- [Source data]
>>>>>

(* Let $k\ge 1$, let $n_0,n_1,\dots,n_k$ be positive integers, $n^{*}=n_0+\cdots+n_k$, and $\sigma_0,\dots,\sigma_k>0$. Let $h:[0,\infty)\to[0,\infty)$ be such that $$\prod_{i=0}^{k}\sigma_i^{-n_i}\,h\!\left(\sum_{i=0}^{k}\sigma_i^{-2}\|\mathbf{x}_i\|^{2}\right)$$ is a probability density on $\mathbb{R}^{n^{*}}$, and let $(\mathbf{x}_0',\dots,\mathbf{x}_k')'$, $\mathbf{x}_i\in\mathbb{R}^{n_i}$, have this density. Let $s_0=\|\mathbf{x}_0\|^2$ and $f_i=\|\mathbf{x}_i\|^2/s_0$ for $i=1,\dots,k$. Then $(s_0,f_1,\dots,f_k)$ has density on $(0,\infty)^{k+1}$ $$\frac{\pi^{n^{*}/2}\,s_0^{n^{*}/2-1}}{\prod_{i=0}^{k}\left(\sigma_i^{n_i}\Gamma[n_i/2]\right)}\prod_{i=1}^{k}f_i^{n_i/2-1}\;h\!\left(s_0\sigma_0^{-2}\Big(1+\sigma_0^{2}\sum_{i=1}^{k}\sigma_i^{-2}f_i\Big)\right).$$
   Context: $\|\cdot\|$ denotes the Euclidean norm. The resulting law is called the multivariate generalised gamma–beta type II distribution. *)

theory Defs
  imports "HOL-Probability.Probability"
begin

text \<open>Coordinates of R^{n*}: the vector x = (x_0',...,x_k')' is a function on the
finite index set of pairs (i,j) with i \<le> k and j < n i; x (i,j) is the j-th
coordinate of the block x_i \<in> R^{n_i}.\<close>

definition idx :: "nat \<Rightarrow> (nat \<Rightarrow> nat) \<Rightarrow> (nat \<times> nat) set" where
  "idx k n = {(i, j). i \<le> k \<and> j < n i}"

definition sqnorm :: "(nat \<Rightarrow> nat) \<Rightarrow> (nat \<times> nat \<Rightarrow> real) \<Rightarrow> nat \<Rightarrow> real" where
  "sqnorm n x i = (\<Sum>j<n i. (x (i, j))\<^sup>2)"

definition nstar :: "nat \<Rightarrow> (nat \<Rightarrow> nat) \<Rightarrow> nat" where
  "nstar k n = (\<Sum>i\<le>k. n i)"

definition ggb_density ::
  "nat \<Rightarrow> (nat \<Rightarrow> nat) \<Rightarrow> (nat \<Rightarrow> real) \<Rightarrow> (real \<Rightarrow> real) \<Rightarrow> (nat \<times> nat \<Rightarrow> real) \<Rightarrow> real" where
  "ggb_density k n \<sigma> h x =
     (\<Prod>i\<le>k. inverse (\<sigma> i ^ n i)) * h (\<Sum>i\<le>k. inverse ((\<sigma> i)\<^sup>2) * sqnorm n x i)"

definition ggb_transformed_density ::
  "nat \<Rightarrow> (nat \<Rightarrow> nat) \<Rightarrow> (nat \<Rightarrow> real) \<Rightarrow> (real \<Rightarrow> real) \<Rightarrow> (nat \<Rightarrow> real) \<Rightarrow> real" where
  "ggb_transformed_density k n \<sigma> h y =
     (if (\<forall>i\<le>k. y i > 0) then
        pi powr (real (nstar k n) / 2) * y 0 powr (real (nstar k n) / 2 - 1)
        / (\<Prod>i\<le>k. \<sigma> i ^ n i * Gamma (real (n i) / 2))
        * (\<Prod>i\<in>{1..k}. y i powr (real (n i) / 2 - 1))
        * h (y 0 * inverse ((\<sigma> 0)\<^sup>2) * (1 + (\<sigma> 0)\<^sup>2 * (\<Sum>i\<in>{1..k}. inverse ((\<sigma> i)\<^sup>2) * y i)))
      else 0)"

end

theory Submission
  imports Defs
begin

text \<open>Write r_i = |x_i|^2. The image of Lebesgue measure on R^m under z \<mapsto> |z|^2 has density
  pi^(m/2) / Gamma(m/2) * t^(m/2 - 1) on (0, \<infinity>), because its distribution function is the
  volume of the ball of radius sqrt t. The blocks x_i are independent coordinates of Lebesgue
  measure on R^(n*), and the joint density depends on x only through r = (r_0, ..., r_k); hence r
  has density prod_i pi^(n_i/2) / Gamma(n_i/2) * r_i^(n_i/2 - 1) times the joint density. The
  substitution r_0 = s_0, r_i = s_0 f_i has Jacobian s_0^k, and collecting the powers of s_0
  gives the stated density.\<close>

section \<open>Squared norms of Lebesgue vectors\<close>

definition radial_density :: "nat \<Rightarrow> real \<Rightarrow> ennreal" where
  "radial_density m t =
     ennreal (pi powr (real m / 2) / Gamma (real m / 2) * t powr (real m / 2 - 1)) * indicator {0<..} t"

lemma radial_density_measurable [measurable]: "radial_density m \<in> borel_measurable borel"
  unfolding radial_density_def by measurable

lemma sigma_finite_density_radial_density: "sigma_finite_measure (density lborel (radial_density m))"
  by (subst sigma_finite_measure.sigma_finite_iff_density_finite[OF sigma_finite_lborel])
     (auto simp: radial_density_def indicator_def)

lemma emeasure_density_radial_density_atMost:
  assumes "m > 0"
  shows "emeasure (density lborel (radial_density m)) {..b} =
         ennreal (if b > 0 then unit_ball_vol (real m) * b powr (real m / 2) else 0)"
proof (cases "b > 0")
  case False
  have "emeasure (density lborel (radial_density m)) {..b} =
        (\<integral>\<^sup>+t. radial_density m t * indicator {..b} t \<partial>lborel)"
    by (simp add: emeasure_density)
  also have "\<dots> = (\<integral>\<^sup>+(t::real). 0 \<partial>lborel)"
    using False by (intro nn_integral_cong) (auto simp: radial_density_def indicator_def)
  finally show ?thesis using False by simp
next
  case True
  define c where "c = pi powr (real m / 2) / Gamma (real m / 2)"
  have "c \<ge> 0"
    unfolding c_def using assms by (auto intro!: divide_nonneg_pos)
  have "((\<lambda>t. t powr (real m / 2 - 1)) has_integral (b powr (real m / 2) / (real m / 2))) {0..b}"
    using has_integral_powr_from_0[of "real m / 2 - 1" b] assms True by simp
  then have int: "((\<lambda>t. c * t powr (real m / 2 - 1)) has_integral
                   (c * (b powr (real m / 2) / (real m / 2)))) {0..b}"
    by (rule has_integral_mult_right)
  have "emeasure (density lborel (radial_density m)) {..b} =
        (\<integral>\<^sup>+t. radial_density m t * indicator {..b} t \<partial>lborel)"
    by (simp add: emeasure_density)
  also have "\<dots> = (\<integral>\<^sup>+t. ennreal (c * t powr (real m / 2 - 1)) * indicator {0..b} t \<partial>lborel)"
    by (intro nn_integral_cong_AE AE_I[of _ _ "{0}"])
       (auto simp: radial_density_def c_def indicator_def)
  also have "\<dots> = ennreal (c * (b powr (real m / 2) / (real m / 2)))"
    by (rule nn_integral_has_integral_lebesgue'[OF _ int]) (use \<open>c \<ge> 0\<close> in auto)
  also have "c * (b powr (real m / 2) / (real m / 2)) = unit_ball_vol (real m) * b powr (real m / 2)"
  proof -
    have Gamma_succ: "Gamma (real m / 2 + 1) = real m / 2 * Gamma (real m / 2)"
      using assms by (intro Gamma_plus1) auto
    have "Gamma (real m / 2) > 0"
      using assms by (intro Gamma_real_pos) auto
    then show ?thesis
      using assms unfolding c_def unit_ball_vol_def Gamma_succ by (simp add: field_simps)
  qed
  finally show ?thesis using True by simp
qed

lemma emeasure_PiM_lborel_sum_squares_atMost:
  assumes "finite B" "B \<noteq> {}"
  shows "emeasure (PiM B (\<lambda>_. lborel)) {z \<in> space (PiM B (\<lambda>_. lborel)). (\<Sum>p\<in>B. (z p)\<^sup>2) \<le> b} =
         ennreal (if b > 0 then unit_ball_vol (real (card B)) * b powr (real (card B) / 2) else 0)"
proof (cases "b > 0")
  case True
  have "{z. (\<Sum>p\<in>B. (z p)\<^sup>2) \<le> b} = {z. sqrt (\<Sum>p\<in>B. (z p)\<^sup>2) \<le> sqrt b}"
    by auto
  moreover have "sqrt b ^ card B = b powr (real (card B) / 2)"
    using True by (simp add: powr_half_sqrt[symmetric] powr_realpow[symmetric] powr_powr)
  ultimately show ?thesis
    using True emeasure_cball_aux[OF assms(1), of "sqrt b"] by (simp add: Collect_conj_eq Int_commute)
next
  case False
  interpret product_sigma_finite "\<lambda>_. lborel :: real measure" by standard
  obtain p0 where "p0 \<in> B" using assms by blast
  have "{z \<in> space (PiM B (\<lambda>_. lborel)). (\<Sum>p\<in>B. (z p)\<^sup>2) \<le> b} \<subseteq>
        (\<Pi>\<^sub>E p\<in>B. if p = p0 then {0::real} else UNIV)"
  proof
    fix z assume "z \<in> {z \<in> space (PiM B (\<lambda>_. lborel)). (\<Sum>p\<in>B. (z p)\<^sup>2) \<le> b}"
    then have z: "z \<in> space (PiM B (\<lambda>_. lborel))" "(\<Sum>p\<in>B. (z p)\<^sup>2) \<le> b"
      by auto
    then have "(\<Sum>p\<in>B. (z p)\<^sup>2) = 0"
      using False by (intro antisym sum_nonneg) auto
    then have "z p0 = 0"
      using assms \<open>p0 \<in> B\<close> by (simp add: sum_nonneg_eq_0_iff)
    then show "z \<in> (\<Pi>\<^sub>E p\<in>B. if p = p0 then {0} else UNIV)"
      using z by (auto simp: space_PiM PiE_iff)
  qed
  then have "emeasure (PiM B (\<lambda>_. lborel)) {z \<in> space (PiM B (\<lambda>_. lborel)). (\<Sum>p\<in>B. (z p)\<^sup>2) \<le> b}
        \<le> emeasure (PiM B (\<lambda>_. lborel)) (\<Pi>\<^sub>E p\<in>B. if p = p0 then {0::real} else UNIV)"
    by (rule emeasure_mono) (auto intro!: sets_PiM_I_finite assms)
  also have "\<dots> = (\<Prod>p\<in>B. emeasure lborel (if p = p0 then {0::real} else UNIV))"
    using assms by (subst emeasure_PiM) auto
  also have "\<dots> = 0"
    using assms \<open>p0 \<in> B\<close> by (intro prod_zero bexI[of _ p0]) auto
  finally show ?thesis using False by simp
qed

lemma distr_PiM_lborel_sum_squares:
  assumes "finite B" "B \<noteq> {}"
  shows "distr (PiM B (\<lambda>_. lborel)) lborel (\<lambda>z. \<Sum>p\<in>B. (z p)\<^sup>2) = density lborel (radial_density (card B))"
    (is "?L = ?R")
proof (rule measure_eqI_generator_eq[where E="range (atMost :: real \<Rightarrow> real set)" and \<Omega>=UNIV and A="\<lambda>i. {..real i}"])
  have "sets (borel :: real measure) = sigma_sets UNIV (range atMost)"
    unfolding borel_eq_atMost by (rule sets_measure_of) auto
  then show "sets ?L = sigma_sets UNIV (range atMost)" and "sets ?R = sigma_sets UNIV (range atMost)"
    by simp_all
  fix A :: "real set" assume "A \<in> range atMost"
  then obtain b where "A = {..b}" by auto
  moreover have "card B > 0" using assms by (simp add: card_gt_0_iff)
  ultimately show "emeasure ?L A = emeasure ?R A"
    using emeasure_PiM_lborel_sum_squares_atMost[OF assms, of b]
          emeasure_density_radial_density_atMost[of "card B" b]
    by (simp add: emeasure_distr vimage_def Collect_conj_eq Int_commute)
next
  fix i :: nat
  show "emeasure ?L {..real i} \<noteq> \<infinity>"
    using emeasure_PiM_lborel_sum_squares_atMost[OF assms, of "real i"]
    by (simp add: emeasure_distr vimage_def Collect_conj_eq Int_commute)
qed (auto simp: Int_stable_def real_arch_simple intro!: exI[of _ "min _ _"])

<<<<<

- [What is being asked]
Copy each line of the data that includes the word "inverse".

- [Task response]
     (\<Prod>i\<le>k. inverse (\<sigma> i ^ n i)) * h (\<Sum>i\<le>k. inverse ((\<sigma> i)\<^sup>2) * sqnorm n x i)"
        * h (y 0 * inverse ((\<sigma> 0)\<^sup>2) * (1 + (\<sigma> 0)\<^sup>2 * (\<Sum>i\<in>{1..k}. inverse ((\<sigma> i)\<^sup>2) * y i)))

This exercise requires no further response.